Dear @simonbrauer and @Bob_Carpenter, an errata in my latest post: I am actually “NOT sure how to do a proper Stan coding”.

Since I have quite long expressions for p_1,p_2,..., I think the best option is to write down the likelihood outside Stan and bring it into Stan. That is, for the sample y=\{1,1,2,4,4,4,4,5,5,5\}, the likelihood is

L(a,b,c)=[p_1(y=1|a,b,c)]^2\times[p_2(y=2|a,b,c)]\times[p_4(y=4|a,b,c)]^4\times[p_5(y=5|a,b,c)]^3

So, we need just to declare the log(L), please see if this will work (do I really need this ‘aux’?):

let datalist=list(...,aux=rep(1,N),…)

functions {
real new_lpmf(vector int[] aux, vector real a, vector real b, vector real c){
    log_p = aux*log(L)
    return log_p;
  }
}
model{ 
a ~ normal(0,1)
b ~ normal(0,1)
c ~ normal(0,1)
for(i in 1:N){
    target =  new_pmf(aux[i] | a, b, c);
}
...
}

Cheers.

Hmm, I’m not sure where to go from here. While you wait for others to chime in, could you provide the exact likelihood for the model you’re thinking about? Maybe that will clarify things.

Sorry for the mess. I will try to elaborate better. Just to follow up on what we’ve discussing:

  1. Following your suggestion, I created a variable y which maps all the combinations within \mathcal{X}=\left[\{1,2,3\},\{1,3,2\},\{3,2,1\},\{3,1,2\},\{2,1,3\},\{2,3,1\}\right], so now the data will assume values y=\{1,2,3,4,5,6\}.
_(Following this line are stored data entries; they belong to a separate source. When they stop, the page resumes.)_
(* For every $m\in\mathbb{N}$ and every real $t$ with $|t|<1$, \[ \left(\frac{\arcsin t}{t}\right)^{m}=1+\sum_{k=1}^{\infty}(-1)^k\frac{Q(m,2k;2)}{\binom{m+2k}{m}}\frac{(2t)^{2k}}{(2k)!}, \] where the left-hand side is defined to be $1$ at $t=0$.
   Context: $s(n,k)$ ($n\ge k\ge 0$) denotes the signed Stirling numbers of the first kind, defined by $\frac{[\ln(1+x)]^k}{k!}=\sum_{n=k}^\infty s(n,k)\frac{x^n}{n!}$ for $|x|<1$; equivalently $\prod_{j=0}^{n-1}(z-j)=\sum_{k=0}^n s(n,k)z^k$. For $m\in\mathbb{N}$, $k\in\mathbb{N}_0$ and $\alpha\in\mathbb{R}$ define \[ Q(m,k;\alpha)=\sum_{\ell=0}^{k}\binom{m+\ell-1}{m-1}\, s(m+k-1,m+\ell-1)\left(\frac{m+k-\alpha}{2}\right)^{\ell}, \] with the convention $0^0=1$. *)

theory Defs
  imports "HOL-Analysis.Analysis" "HOL-Combinatorics.Stirling"
begin

definition stirling1s :: "nat \<Rightarrow> nat \<Rightarrow> real" where
  "stirling1s n k = (-1) ^ (n - k) * real (stirling n k)"

definition Q :: "nat \<Rightarrow> nat \<Rightarrow> real \<Rightarrow> real" where
  "Q m k \<alpha> = (\<Sum>l = 0..k. real ((m + l - 1) choose (m - 1))
       * stirling1s (m + k - 1) (m + l - 1) * ((real (m + k) - \<alpha>) / 2) ^ l)"

end

theory Submission
  imports Defs
begin

text \<open>
  The power series \<open>y = \<Sum>\<^sub>j a\<^sub>m(j) t\<^sup>j\<close> of \<open>arcsin(t)\<^sup>m\<close> is governed by
  \<open>(1 - t\<^sup>2) y'' - t y' = m(m-1) arcsin(t)\<^sup>m\<^sup>-\<^sup>2\<close>, i.e. by the recurrence
  \<open>(j+2)(j+1) a\<^sub>m(j+2) = j\<^sup>2 a\<^sub>m(j) + m(m-1) a\<^sub>m\<^sub>-\<^sub>2(j)\<close>.
  The number \<open>Q(m,k;2)\<close> is the coefficient of \<open>x\<^sup>m\<^sup>-\<^sup>1\<close> in the centred falling factorial
  \<open>T\<^sub>N(x) = \<Prod>\<^sub>j\<^sub><\<^sub>N (x + (N-1)/2 - j)\<close> with \<open>N = m+k-1\<close>, and the factorisation
  \<open>T\<^sub>N\<^sub>+\<^sub>2 = (x\<^sup>2 - (N+1)\<^sup>2/4) T\<^sub>N\<close> turns this into exactly the above recurrence
  for the numbers \<open>(-4)\<^sup>n m!/(m+2n)! Q(m,2n;2)\<close>. These are bounded by \<open>m!\<close>, so their series
  converges on \<open>(-1,1)\<close>; it satisfies the same differential equation and initial conditions
  as \<open>arcsin(t)\<^sup>m\<close>, and the first integral \<open>\<surd>(1-t\<^sup>2) y' - m arcsin(t)\<^sup>m\<^sup>-\<^sup>1\<close> identifies
  the two by induction on \<open>m\<close>.
\<close>

lemma Q_0: "Q m 0 \<alpha> = 1"
  by (simp add: Q_def stirling1s_def)

definition centered_ffact_poly :: "nat \<Rightarrow> real poly" where
  "centered_ffact_poly N = (\<Prod>j<N. [:(real N - 1) / 2 - real j, 1:])"

text \<open>The roots of \<open>T\<^sub>N\<^sub>+\<^sub>2\<close> are those of \<open>T\<^sub>N\<close> together with \<open>\<plusminus>(N+1)/2\<close>.\<close>

lemma centered_ffact_poly_add_2:
  "centered_ffact_poly (N + 2) = [:- ((real N + 1)^2 / 4), 0, 1:] * centered_ffact_poly N"
proof -
  define g where "g j = [:(real N + 1) / 2 - real j, 1:]" for j
  have "centered_ffact_poly (N + 2) = (\<Prod>j<Suc (Suc N). g j)"
    by (simp add: centered_ffact_poly_def g_def add_ac)
  also have "\<dots> = (g 0 * g (Suc N)) * (\<Prod>j<N. g (Suc j))"
    unfolding prod.lessThan_Suc[of _ "Suc N"] prod.lessThan_Suc_shift[of _ N] by (simp only: ac_simps)
  also have "g 0 * g (Suc N) = [:- ((real N + 1)^2 / 4), 0, 1:]"
    by (simp add: g_def power2_eq_square field_simps)
  also have "(\<Prod>j<N. g (Suc j)) = centered_ffact_poly N"
    unfolding centered_ffact_poly_def g_def by (intro prod.cong) (simp_all add: field_simps)
  finally show ?thesis .
qed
  2. The new distribution (in my first post) is now given by

P(X_1=x_1,X_2=x_2,X_3=x_3)=P(Y=y)=\begin{cases} p_1(y|a,b,c); & y=1 \\ p_2(y|a,b,c); & y=2 \\ \cdots \\ p_6(y|a,b,c); & y=6 \end{cases}

This formulation saves us time, since we don’t need to work with the vectors \{1,2,3\}, \{1,3,2\}, etc.

  1. My interest is to estimate a, b, and c, also note that given these parameters, the observations are independent. Thus, for a particular sample, say y=\{1,1,2,4,4,4,4,5,5,5\}, the likelihood is
L(a,b,c)=[p_1(y=1|a,b,c)]^2\times[p_2(y=2|a,b,c)]\times[p_4(y=4|a,b,c)]^4\times[p_5(y=5|a,b,c)]^3
  1. Now comes the Stan part. As far as I can see, I think we have two options here:

i) Tell Stan to get every y in the data, check which part (p_1,p_2,...) the data correspond to, then declare the joint distribution of the data. Perhaps, this is a slower process.
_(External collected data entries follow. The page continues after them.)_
text \<open>Along a solution (X, V) of the lifted system put w_k(t) = dL_f^k h(X t) V(t).
  Because second derivatives are symmetric, w_k' = w_(k+1) + \<Sum>_j u_j d(L_(g_j) L_f^k h)(X) V.
  The Lipschitz hypothesis bounds the increments of L_g L_f^k h by those of H_(k+1), so the
  input terms vanish wherever w_0, ..., w_k do. Hence if the output w_0 vanished on an initial
  interval on which X stays in S, so would w_0, ..., w_(d_o - 1); at t = 0 this says
  dH_(d_o)(x) v = 0, which the immersion property rules out for v \<noteq> 0.\<close>

subsection \<open>Calculus of \<open>C\<^sup>k\<close> functions\<close>

lemma frechet_derivative_add_apply:
  assumes "\<phi> differentiable (at x)" "\<psi> differentiable (at x)"
  shows "frechet_derivative (\<lambda>x. \<phi> x + \<psi> x) (at x) v
       = frechet_derivative \<phi> (at x) v + frechet_derivative \<psi> (at x) v"
  using frechet_derivative_at[OF has_derivative_add[OF assms[unfolded frechet_derivative_works]]]
  by metis

lemma frechet_derivative_mult_apply:
  fixes \<phi> \<psi> :: "'a::real_normed_vector \<Rightarrow> real"
  assumes "\<phi> differentiable (at x)" "\<psi> differentiable (at x)"
  shows "frechet_derivative (\<lambda>x. \<phi> x * \<psi> x) (at x) v
       = \<phi> x * frechet_derivative \<psi> (at x) v + frechet_derivative \<phi> (at x) v * \<psi> x"
  using frechet_derivative_at[OF has_derivative_mult[OF assms[unfolded frechet_derivative_works]]]
  by metis

lemma frechet_derivative_bounded_linear_apply:
  assumes "bounded_linear L" "F differentiable (at x)"
  shows "frechet_derivative (\<lambda>x. L (F x)) (at x) v = L (frechet_derivative F (at x) v)"
  using frechet_derivative_at[OF bounded_linear.has_derivative[OF assms(1)
        assms(2)[unfolded frechet_derivative_works]]]
  by metis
ii) Another option, which I think is more efficient, is to write down the log(Likelihood) outside Stan, just to use \log(L(a,b,c)) (L as above), then declare this log-likelihood in Stan. But I don’t know how to do it.

  1. My latest post was just a try, I created an auxiliary variable aux, just to let Stan ‘think’ this is the data, when in fact the data are already embraced in the expression L(a,b,c). This strategy may look not very smart, due to my lack of fluency in Stan language.
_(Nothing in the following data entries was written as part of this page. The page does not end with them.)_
lemma nilsoliton_scalar_curvature_neg:
  fixes u :: "'n::finite \<Rightarrow> real^'n"
  assumes ip: "is_inner_product ip" and u: "orthonormal_basis ip u" and "linear D"
    and ricci: "\<And>X Y. ricci_form br ip u X Y = c * ip X Y + ip (D X) Y"
    and br: "bilinear br" and nonabelian: "br x y \<noteq> 0"
  shows "c * CARD('n) + trace (matrix D) < 0"
proof -
  define S where "S = (\<Sum>l\<in>UNIV. \<Sum>i\<in>UNIV. ip (br (u l) (u i)) (br (u l) (u i)))"
  have "c * CARD('n) + trace (matrix D) = - (1/4) * S"
    using ricci_form_trace[OF ip u linear_id, of br]
      nilsoliton_ricci_trace[OF ip u \<open>linear D\<close> linear_id ricci]
    by (simp add: S_def matrix_id_mat_1 trace_I)
  moreover have "S \<ge> 0"
    unfolding S_def by (intro sum_nonneg is_inner_product_self_nonneg[OF ip])
  moreover have "S \<noteq> 0"
  proof
    assume "S = 0"
    then have "br (u l) (u i) = 0" for l i
      using is_inner_product_self_nonneg[OF ip] is_inner_product_self_eq_0[OF ip]
      unfolding S_def by (simp add: sum_nonneg_eq_0_iff sum_nonneg)
    then have "br x y = 0"
      by (subst orthonormal_basis_expansion[OF ip u, of x],
          subst orthonormal_basis_expansion[OF ip u, of y])
        (simp add: bilinear_sum br bilinear_lmul bilinear_rmul)
    with nonabelian show False ..
  qed
  ultimately show ?thesis by simp
qed
(* Let $p$ be a prime and $d>1$ an integer. Let $T_d$ be the $d$-th Chebyshev polynomial of the first kind, viewed as a self-map of $\mathbb{A}^1(\mathbb{F}_p)=\mathbb{F}_p$. Then $$\max_{x\in\mathbb{F}_p}t(T_d,x)=\max_q\left(\max\left(\left\lceil\frac{v_q(p-1)}{v_q(d)}\right\rceil,\left\lceil\frac{v_q(p+1)}{v_q(d)}\right\rceil\right)\right),$$ where $q$ ranges over the prime divisors of $d$ and $v_q$ is the $q$-adic valuation.
   Context: The $d$-th Chebyshev polynomial of the first kind $T_d\in\mathbb{Z}[z]$ is the monic degree-$d$ polynomial with $T_d(z+z^{-1})=z^d+z^{-d}$, reduced modulo $p$. For a self-map $f$ of a finite set and a point $x$, the tail $t(f,x)$ is the least integer $m\ge0$ such that $f^m(x)$ is periodic. *)

theory Defs
  imports "HOL-Computational_Algebra.Computational_Algebra"
begin

text \<open>Chebyshev polynomials of the first kind in the normalisation of the paper:
  monic, T_d(z + 1/z) = z^d + z^(-d).  Recurrence T_0 = 2, T_1 = z,
  T_(n+2) = z T_(n+1) - T_n.\<close>
fun cheb :: "nat \<Rightarrow> int poly" where
  "cheb 0 = [:2:]"
| "cheb (Suc 0) = [:0, 1:]"
| "cheb (Suc (Suc n)) = [:0, 1:] * cheb (Suc n) - cheb n"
Any ideas would be very useful.

Regards

1 Like

Dear @simonbrauer and @Bob_Carpenter, I have followed some of your ideas and came up with the code below. This is the actual code, not the generic form I was discussing about.

code.txt (123.6 KB)

I get the error messages:

Chain 1: Rejecting initial value:
Chain 1:   Log probability evaluates to log(0), i.e. negative infinity.
Chain 1:   Stan can't start sampling from this initial value.
...
Chain 1: Initialization between (-2, 2) failed after 100 attempts. 
Chain 1:  Try specifying initial values, reducing ranges of constrained values, or reparameterizing the model.
[1] "Error in sampler$call_sampler(args_list[[i]]) : Initialization failed."   
[2] "In addition: Warning message:"                                            
[3] "In system(paste(CXX, ARGS), ignore.stdout = TRUE, ignore.stderr = TRUE) :"
[4] "  '-E' not found"                                                         
[1] "error occurred during calling the sampler; sampling not done"

I have changed the prior in several ways, and it does not seem to have to do with the prior initial values. Am I doing something wrong? cheers.

It’s very hard to tell what is going on in your code given how expanded it is. I’m unsure what exactly to ask to help clarify, but here is a question, a suggestion, and an observation.

  1. a, b, and \theta seem straight-forward enough looking at the transformed parameters block. But all of the \sigma terms are lost on me. Could you clarify what they mean?
  2. Can you simplify the code such that there are only two possible sequences? That might make it clearer what is going on.
  3. It looks like your data consist of 2 integers from which you are trying to estimate substantially more parameters with vague priors (normal(0,100) on most). That seems unfeasible on the face of it.

Sorry that I cannot be of more help at this point.

1 Like

Hi simon, thanks for your reply. Answering your questions:

The new distribution loglike is so complex that I opted to write it down and then copy-paste into the code, so it brings already all the data. The remaning data are just the dimensions of the matrix ‘p’.

  1. So, all the sigmas are part of the new distribution, together with the matrix ‘p’ (which is a function of a, b and "\theta$), declared in the transformed parameters block.

  2. A simplified version would involve less parameters and the new distribution expression would become simpler, please see the simplified code:

code - simplified.txt (1.6 KB)

  1. It’s because all the data are already in the expression of the loglike.

Cheers.